The jobs are all after importing beam shift information from EPU with a job of Import Beam Shift, and Exposure Group Utilities setup with ‘cluster&split”, Correspond particles to exposures and enforce consistency of exposure group IDs, 57 clusters, kmeans clustering, split outputs by exposure groups.

I believe only the particles from the “Exposure Group Utilities” are included in the downstream jobs. And these Homogenous Refinement jobs can occasionally be rerun and successfully complete, so the crash with the python error seems random or not always reproducible.

It looks like there were past issues with a similar crash “numpy.linalg.LinAlgError: Singular matrix” but I don’t know if those were directly resolved or people changed how they were running the jobs.

Any suggestions here for what we should try to avoid this issue?
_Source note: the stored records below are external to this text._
(* SweepCyclesLOR treats the cycles of pi one at a time, in increasing order of their least
   elements: it picks at the least element i of a cycle, walks once around the cycle and puts
   the last item down at i.  A cycle of length k >= 2 thus costs k + 1 pick-n-swaps, so
   N = (m - #fixed points) + (#cycles - #fixed points).  Its travel is the sum of |x - pi x|
   over the cycle; the remaining travel, from cell 1 up through the starting cells and back,
   is at most 2m.  Averaging over pi: each cell is fixed with probability 1/m; pi x is uniform,
   so the sum of |x - pi x| has mean (m^2 - 1)/3; and the mean number of cycles is H_m, since
   writing a permutation of {1..m+1} as the transposition (m+1 b) after a permutation of
   {1..m} adds a cycle exactly when b = m + 1. *)

lemma chase_walk:
  assumes "distinct (map w [0..<Suc k])" "w k = i" "b i = None"
    and "\<And>t. t < k \<Longrightarrow> b (w t) = Some (w (Suc t))" "k < n"
  shows "chase n i (b, Some (w 0)) =
           (map w [0..<Suc k], (\<lambda>x. if x \<in> w ` {..k} then Some x else b x, None))"
  using assms
proof (induction k arbitrary: w b n)
  case 0
  then obtain n' where "n = Suc n'" by (cases n) auto
  with 0 show ?case by (auto simp: pns_def fun_eq_iff)
next
  case (Suc k)
  obtain n' where n: "n = Suc n'" and k: "k < n'" using Suc.prems(5) by (cases n) auto
  let ?w = "\<lambda>t. w (Suc t)"
  let ?b = "b(w 0 := Some (w 0))"
  have fresh: "w 0 \<notin> ?w ` {..k}" and dist: "distinct (map ?w [0..<Suc k])"
    using Suc.prems(1) unfolding map_upt_Suc[of w]
    by (auto simp: atLeast0LessThan lessThan_Suc_atMost simp del: upt_Suc)
  have w0: "w 0 \<noteq> i" using fresh Suc.prems(2) by auto
  have "chase n' i (?b, Some (?w 0)) =
          (map ?w [0..<Suc k], (\<lambda>x. if x \<in> ?w ` {..k} then Some x else ?b x, None))"
  proof (rule Suc.IH[OF dist])
    show "?w k = i" using Suc.prems(2) .
    show "?b i = None" using Suc.prems(3) w0 by simp
    show "?b (?w t) = Some (?w (Suc t))" if "t < k" for t
    proof -
      have "?w t \<noteq> w 0" using fresh that by (metis atMost_iff image_eqI less_imp_le_nat)
      then show ?thesis using Suc.prems(4)[of "Suc t"] that by simp
    qed
  qed (rule k)
  moreover have "pns (b, Some (w 0)) (w 0) = (?b, Some (?w 0))"
    using Suc.prems(4)[of 0] by (simp add: pns_def)
  moreover have "w ` {..Suc k} = insert (w 0) (?w ` {..k})"
    by (simp add: atMost_Suc_eq_insert_0 image_image)
  ultimately show ?case
    by (simp add: n w0 Let_def map_upt_Suc[of w] del: upt_Suc) (auto simp: fun_eq_iff)
qed
text \<open>
  Every pair of points of a new triple not containing p lies in one of the three
  removed triples, so the new triples meet the remaining ones in at most one point.
\<close>

lemma triple_packing_trade:
  assumes T: "triple_packing n T" and p: "p < n" "\<forall>X\<in>T. p \<notin> X"
    and in1: "{c, x1, y1} \<in> T" and in2: "{c, x2, y2} \<in> T" and in3: "{x1, x2, z} \<in> T"
    and ne: "{c, x1, y1} \<noteq> {c, x2, y2}"
  shows "\<exists>G. triple_packing n G \<and> card G = Suc (card T)"
proof -
  define Old where "Old = {{c, x1, y1}, {c, x2, y2}, {x1, x2, z}}"
  define New where "New = {{p, c, y1}, {p, x2, y2}, {p, x1, z}, {c, x1, x2}}"
  have dist: "distinct [p, c, x1, y1, x2, y2, z]"
    by (rule triple_packing_trade_distinct[OF T p(2) in1 in2 in3 ne])
  note uniq = triple_packing_pair_unique[OF T]
  have "triple_packing n (T - Old \<union> New)"
  proof (rule triple_packing_Un[OF triple_packing_subset[OF T]])
    show "triple_packing n New"
    proof (rule triple_packingI)
      show "New \<subseteq> Pow {..<n}"
        using T in1 in2 in3 p(1) unfolding triple_packing_def New_def by auto
      show "card X = 3" if "X \<in> New" for X
        using that dist unfolding New_def by auto
      show "X = Y" if "X \<in> New" "Y \<in> New" "u \<noteq> v" "{u, v} \<subseteq> X" "{u, v} \<subseteq> Y" for X Y u v
        using that dist unfolding New_def by auto
    qed
    fix R N u v
    assume R: "R \<in> T - Old" and N: "N \<in> New" and uv: "u \<noteq> v" "{u, v} \<subseteq> R" "{u, v} \<subseteq> N"
    have "{u, v} \<subseteq> N - {p}"
      using R uv(2,3) p(2) by blast
    then have "\<exists>B\<in>Old. {u, v} \<subseteq> B"
      using N unfolding New_def Old_def by auto
    then obtain B where B: "B \<in> Old" "{u, v} \<subseteq> B"
      by (rule bexE)
    moreover have "B \<in> T"
      using B(1) in1 in2 in3 unfolding Old_def by blast
    ultimately show "R = N"
      using uniq[of R B u v] R uv by blast
  qed simp
  moreover have "card (T - Old \<union> New) = Suc (card T)"
  proof -
    have "finite T"
      using T finite_subset[of T "Pow {..<n}"] by (simp add: triple_packing_def)
    have "{c, x1, x2} \<notin> T"
    proof
      assume "{c, x1, x2} \<in> T"
      then have "{c, x1, x2} = {c, x1, y1}"
        by (rule uniq[OF _ in1, where u = c and v = x1]) (use dist in auto)
      then show False
        using dist by (metis distinct_length_2_or_more insertCI insertE singletonD)
    qed
    then have "New \<inter> T = {}"
      using p(2) unfolding New_def by auto
    moreover have "Old \<subseteq> T" "finite New"
      using in1 in2 in3 unfolding Old_def New_def by simp_all
    moreover have "card Old = 3" "card New = 4"
      using dist unfolding Old_def New_def by (simp_all add: card_insert_if insert_eq_iff, blast+)
    ultimately show ?thesis
      using card_Diff_Un_disjoint[OF \<open>finite T\<close>, of Old New] card_mono[OF \<open>finite T\<close>, of Old]
      by simp
  qed
  ultimately show ?thesis
    by blast
qed

lemma triple_packing_add_point:
  assumes T: "triple_packing n T" and p: "p < n" "p \<notin> V"
    and V: "finite V" "4 \<le> card V" "\<And>X. X \<in> T \<Longrightarrow> X \<subseteq> V"
    and cover: "\<And>x y. x \<in> V \<Longrightarrow> y \<in> V \<Longrightarrow> x \<noteq> y \<Longrightarrow> \<exists>X\<in>T. {x, y} \<subseteq> X"
  shows "\<exists>G. triple_packing n G \<and> card G = Suc (card T)"
proof -
  have card3: "card X = 3" if "X \<in> T" for X
    using T that by (simp add: triple_packing_def)
  obtain c where c: "c \<in> V"
    using V(2) by fastforce
  have "card (V - {c}) \<noteq> 0"
    using V(1,2) c by simp
  then obtain x1 where x1: "x1 \<in> V" "x1 \<noteq> c"
    by (metis Diff_iff card.empty ex_in_conv singletonI)
  obtain T1 where T1: "T1 \<in> T" "{c, x1} \<subseteq> T1"
    using cover[OF c x1(1)] x1(2) by blast
  then obtain y1 where y1: "T1 = {c, x1, y1}"
    using card3 x1(2) by (metis card_3_obtain insert_subset)
  have "card V - card T1 \<le> card (V - T1)"
    using diff_card_le_card_Diff[of T1 V] card3[OF T1(1)] by (simp add: card_ge_0_finite)
  then have "card (V - T1) \<noteq> 0"
    using V(2) card3[OF T1(1)] by linarith
  then obtain x2 where x2: "x2 \<in> V" "x2 \<notin> T1"
    by (metis Diff_iff card.empty ex_in_conv)
  then have "x2 \<noteq> c" "x2 \<noteq> x1"
    using T1(2) by auto
  obtain T2 where T2: "T2 \<in> T" "{c, x2} \<subseteq> T2"
    using cover[OF c x2(1)] \<open>x2 \<noteq> c\<close> by blast
  then obtain y2 where y2: "T2 = {c, x2, y2}"
    using card3 \<open>x2 \<noteq> c\<close> by (metis card_3_obtain insert_subset)
  obtain T3 where T3: "T3 \<in> T" "{x1, x2} \<subseteq> T3"
    using cover[OF x1(1) x2(1)] \<open>x2 \<noteq> x1\<close> by fastforce
  then obtain z where z: "T3 = {x1, x2, z}"
    using card3 \<open>x2 \<noteq> x1\<close> by (metis card_3_obtain insert_subset)
  have "T1 \<noteq> T2"
    using T2(2) x2(2) by blast
  moreover have "\<forall>X\<in>T. p \<notin> X"
    using V(3) p(2) by blast
  ultimately show ?thesis
    using T1(1) T2(1) T3(1) unfolding y1 y2 z by (intro triple_packing_trade[OF T p(1)])
qed

section \<open>Codes of weight at most three\<close>

locale weight3_code =
  fixes n :: nat and F :: "nat set set"
  assumes code: "set_code n 4 F" and weight_le_3: "X \<in> F \<Longrightarrow> card X \<le> 3"
begin

lemma member_subset: "X \<in> F \<Longrightarrow> X \<subseteq> {..<n}"
  using code by (auto simp: set_code_def)

lemma finite_member: "X \<in> F \<Longrightarrow> finite X"
  using member_subset finite_subset by blast

lemma finite_code: "finite F"
  using code finite_subset[of F "Pow {..<n}"] by (simp add: set_code_def)

lemma card_add_ge:
  assumes "X \<in> F" "Y \<in> F" "X \<noteq> Y"
  shows "4 + 2 * card (X \<inter> Y) \<le> card X + card Y"
proof -
  have "4 \<le> card (sym_diff X Y)"
    using code assms by (simp add: set_code_def)
  then show ?thesis
    using card_sym_diff_add_card_Int[OF finite_member finite_member, of X Y] assms(1,2) by linarith
qed

lemma pair_member_disjoint:
  assumes "P \<in> F" "card P = 2" "Y \<in> F" "Y \<noteq> P"
  shows "P \<inter> Y = {}" "2 \<le> card Y"
proof -
  have "card (P \<inter> Y) = 0" "2 \<le> card Y"
    using card_add_ge[OF assms(1,3) assms(4)[symmetric]] weight_le_3[OF assms(3)] assms(2)
    by linarith+
  then show "P \<inter> Y = {}" "2 \<le> card Y"
    using finite_member[OF assms(1)] by simp_all
qed

lemma singleton_member:
  assumes "{p} \<in> F" "Y \<in> F" "Y \<noteq> {p}"
  shows "card Y = 3" "p \<notin> Y"
  using card_add_ge[OF assms(1,2) assms(3)[symmetric]] weight_le_3[OF assms(2)]
  by (auto split: if_splits)

lemma empty_member: "{} \<in> F \<Longrightarrow> F = {{}}"
  using card_add_ge[of "{}"] weight_le_3 by fastforce

lemma triple_packing_triples: "triple_packing n {X \<in> F. card X = 3}"
  using code by (auto simp: triple_packing_iff_set_code set_code_def)

lemma packing_if_empty_member:
  assumes "{} \<in> F" "3 \<le> n"
  shows "\<exists>G. triple_packing n G \<and> card F \<le> card G"
proof -
  have "triple_packing n {{0, 1, 2}}"
    using assms(2) by (auto simp: triple_packing_def)
  then show ?thesis
    using empty_member[OF assms(1)] by force
qed
(* There is an absolute constant $c>0$ such that the following holds. Let $0<\varepsilon\le1$ and $1\le m\le n^{3/2-\varepsilon}$. If $\alpha\in\mathcal L$ is neither trivial nor a spider, then \[\frac{1}{n^{|E(\alpha)|/2}}\cdot n^{\frac{w(V(\alpha))-w(S_{\min})}{2}}\ \le\ \frac{1}{n^{c\,\varepsilon\,|E(\alpha)|}},\] where $S_{\min}$ is a minimum vertex separator of $\alpha$.
   Context: A shape $\alpha=(V(\alpha),E(\alpha),U_\alpha,V_\alpha)$ consists of a finite vertex set $V(\alpha)$, each vertex typed as a "circle" or a "square"; a collection $E(\alpha)$ of edges, each joining a circle and a square and carrying a positive integer label; and two subsets $U_\alpha,V_\alpha\subseteq V(\alpha)$ (possibly intersecting). $W_\alpha=V(\alpha)\setminus(U_\alpha\cup V_\alpha)$. The shape is proper if it has no parallel edges. The degree $\deg(x)$ of a vertex is the sum of labels of incident edges, and $|E(\alpha)|$ denotes the sum of all edge labels. A shape is trivial if $U_\alpha=V_\alpha$, $W_\alpha=\emptyset$ and $E(\alpha)=\emptyset$. A left spider is a proper shape having two distinct squares $i,j\in U_\alpha$ of degree $1$ both adjacent to a common circle; a right spider is the same with $V_\alpha$ in place of $U_\alpha$; a spider is a left or right spider. For $S\subseteq V(\alpha)$, $w(S)=(\#\text{circles in }S)\log_n m+(\#\text{squares in }S)$. A vertex separator is a set $S\subseteq V(\alpha)$ such that every path from a vertex of $U_\alpha$ to a vertex of $V_\alpha$ (including length-zero paths, so $U_\alpha\cap V_\alpha\subseteq S$) contains a vertex of $S$; a minimum vertex separator minimizes $w$. $\mathcal L$ (depending on parameters $\delta,\tau>0$) is the set of proper shapes $\alpha$ such that: $U_\alpha,V_\alpha$ contain only squares and $|U_\alpha|,|V_\alpha|\le n^\delta$; $W_\alpha$ has no vertices of degree $0$; for every square $i$, $\deg(i)+\mathbf 1[i\in U_\alpha]+\mathbf 1[i\in V_\alpha]$ is even; every circle has even degree at least $4$; and $|E(\alpha)|\le n^\tau$. *)

theory Defs
  imports Complex_Main "HOL-Library.Multiset"
begin

text \<open>Vertices are natural numbers (any finite vertex set can be relabelled).
  Each vertex is typed as a circle (circ v) or a square (not circ v).
  Edges form a multiset of triples (circle, square, label), so parallel edges are allowed
  in a general shape; properness excludes them.\<close>

record shape =
  verts :: "nat set"
  circ  :: "nat \<Rightarrow> bool"
  edges :: "(nat \<times> nat \<times> nat) multiset"
  Uset  :: "nat set"
  Vset  :: "nat set"

definition wf_shape :: "shape \<Rightarrow> bool" where
  "wf_shape a \<longleftrightarrow> finite (verts a) \<and> Uset a \<subseteq> verts a \<and> Vset a \<subseteq> verts a \<and>
     (\<forall>(x, y, l) \<in># edges a. x \<in> verts a \<and> y \<in> verts a \<and> circ a x \<and> \<not> circ a y \<and> 0 < l)"

definition Wset :: "shape \<Rightarrow> nat set" where
  "Wset a = verts a - (Uset a \<union> Vset a)"

definition proper :: "shape \<Rightarrow> bool" where
  "proper a \<longleftrightarrow> (\<forall>x y. size (filter_mset (\<lambda>(p, q, _). p = x \<and> q = y) (edges a)) \<le> 1)"

definition deg :: "shape \<Rightarrow> nat \<Rightarrow> nat" where
  "deg a v = sum_mset (image_mset (\<lambda>(p, q, l). l) (filter_mset (\<lambda>(p, q, _). p = v \<or> q = v) (edges a)))"

text \<open>|E(alpha)|: total sum of edge labels.\<close>
definition total_label :: "shape \<Rightarrow> nat" where
  "total_label a = sum_mset (image_mset (\<lambda>(p, q, l). l) (edges a))"

definition adjacent :: "shape \<Rightarrow> nat \<Rightarrow> nat \<Rightarrow> bool" where
  "adjacent a x y \<longleftrightarrow> (\<exists>l. (x, y, l) \<in># edges a \<or> (y, x, l) \<in># edges a)"

definition trivial_shape :: "shape \<Rightarrow> bool" where
  "trivial_shape a \<longleftrightarrow> Uset a = Vset a \<and> Wset a = {} \<and> edges a = {#}"

definition left_spider :: "shape \<Rightarrow> bool" where
  "left_spider a \<longleftrightarrow> proper a \<and> (\<exists>i j c. i \<noteq> j \<and> i \<in> Uset a \<and> j \<in> Uset a \<and>
      \<not> circ a i \<and> \<not> circ a j \<and> deg a i = 1 \<and> deg a j = 1 \<and>
      c \<in> verts a \<and> circ a c \<and> adjacent a c i \<and> adjacent a c j)"

definition right_spider :: "shape \<Rightarrow> bool" where
  "right_spider a \<longleftrightarrow> proper a \<and> (\<exists>i j c. i \<noteq> j \<and> i \<in> Vset a \<and> j \<in> Vset a \<and>
      \<not> circ a i \<and> \<not> circ a j \<and> deg a i = 1 \<and> deg a j = 1 \<and>
      c \<in> verts a \<and> circ a c \<and> adjacent a c i \<and> adjacent a c j)"

definition spider :: "shape \<Rightarrow> bool" where
  "spider a \<longleftrightarrow> left_spider a \<or> right_spider a"

definition wt :: "nat \<Rightarrow> nat \<Rightarrow> shape \<Rightarrow> nat set \<Rightarrow> real" where
  "wt n m a S = real (card {v \<in> S. circ a v}) * log (real n) (real m) + real (card {v \<in> S. \<not> circ a v})"

definition is_path :: "shape \<Rightarrow> nat list \<Rightarrow> bool" where
  "is_path a ps \<longleftrightarrow> ps \<noteq> [] \<and> distinct ps \<and> set ps \<subseteq> verts a \<and>
     (\<forall>k. Suc k < length ps \<longrightarrow> adjacent a (ps ! k) (ps ! Suc k))"

definition vertex_separator :: "shape \<Rightarrow> nat set \<Rightarrow> bool" where
  "vertex_separator a S \<longleftrightarrow> S \<subseteq> verts a \<and>
     (\<forall>ps. is_path a ps \<longrightarrow> hd ps \<in> Uset a \<longrightarrow> last ps \<in> Vset a \<longrightarrow> set ps \<inter> S \<noteq> {})"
@larsonmattr Have you tested this workflow, including the subsequent (now failing in v5.0.1) homogenous refinement, before the upgrade to v5 and found it to be working in v4?

@wtempel we have not used the ‘Import Beam Shift’ job very typically, and I don’t have a comparison from before the v5.0.1 - cannot say from a newer issue or old. The issues appeared to all occur in a single workspace, and in Homogenous Refinements, but after use of that Import Beam Shift job.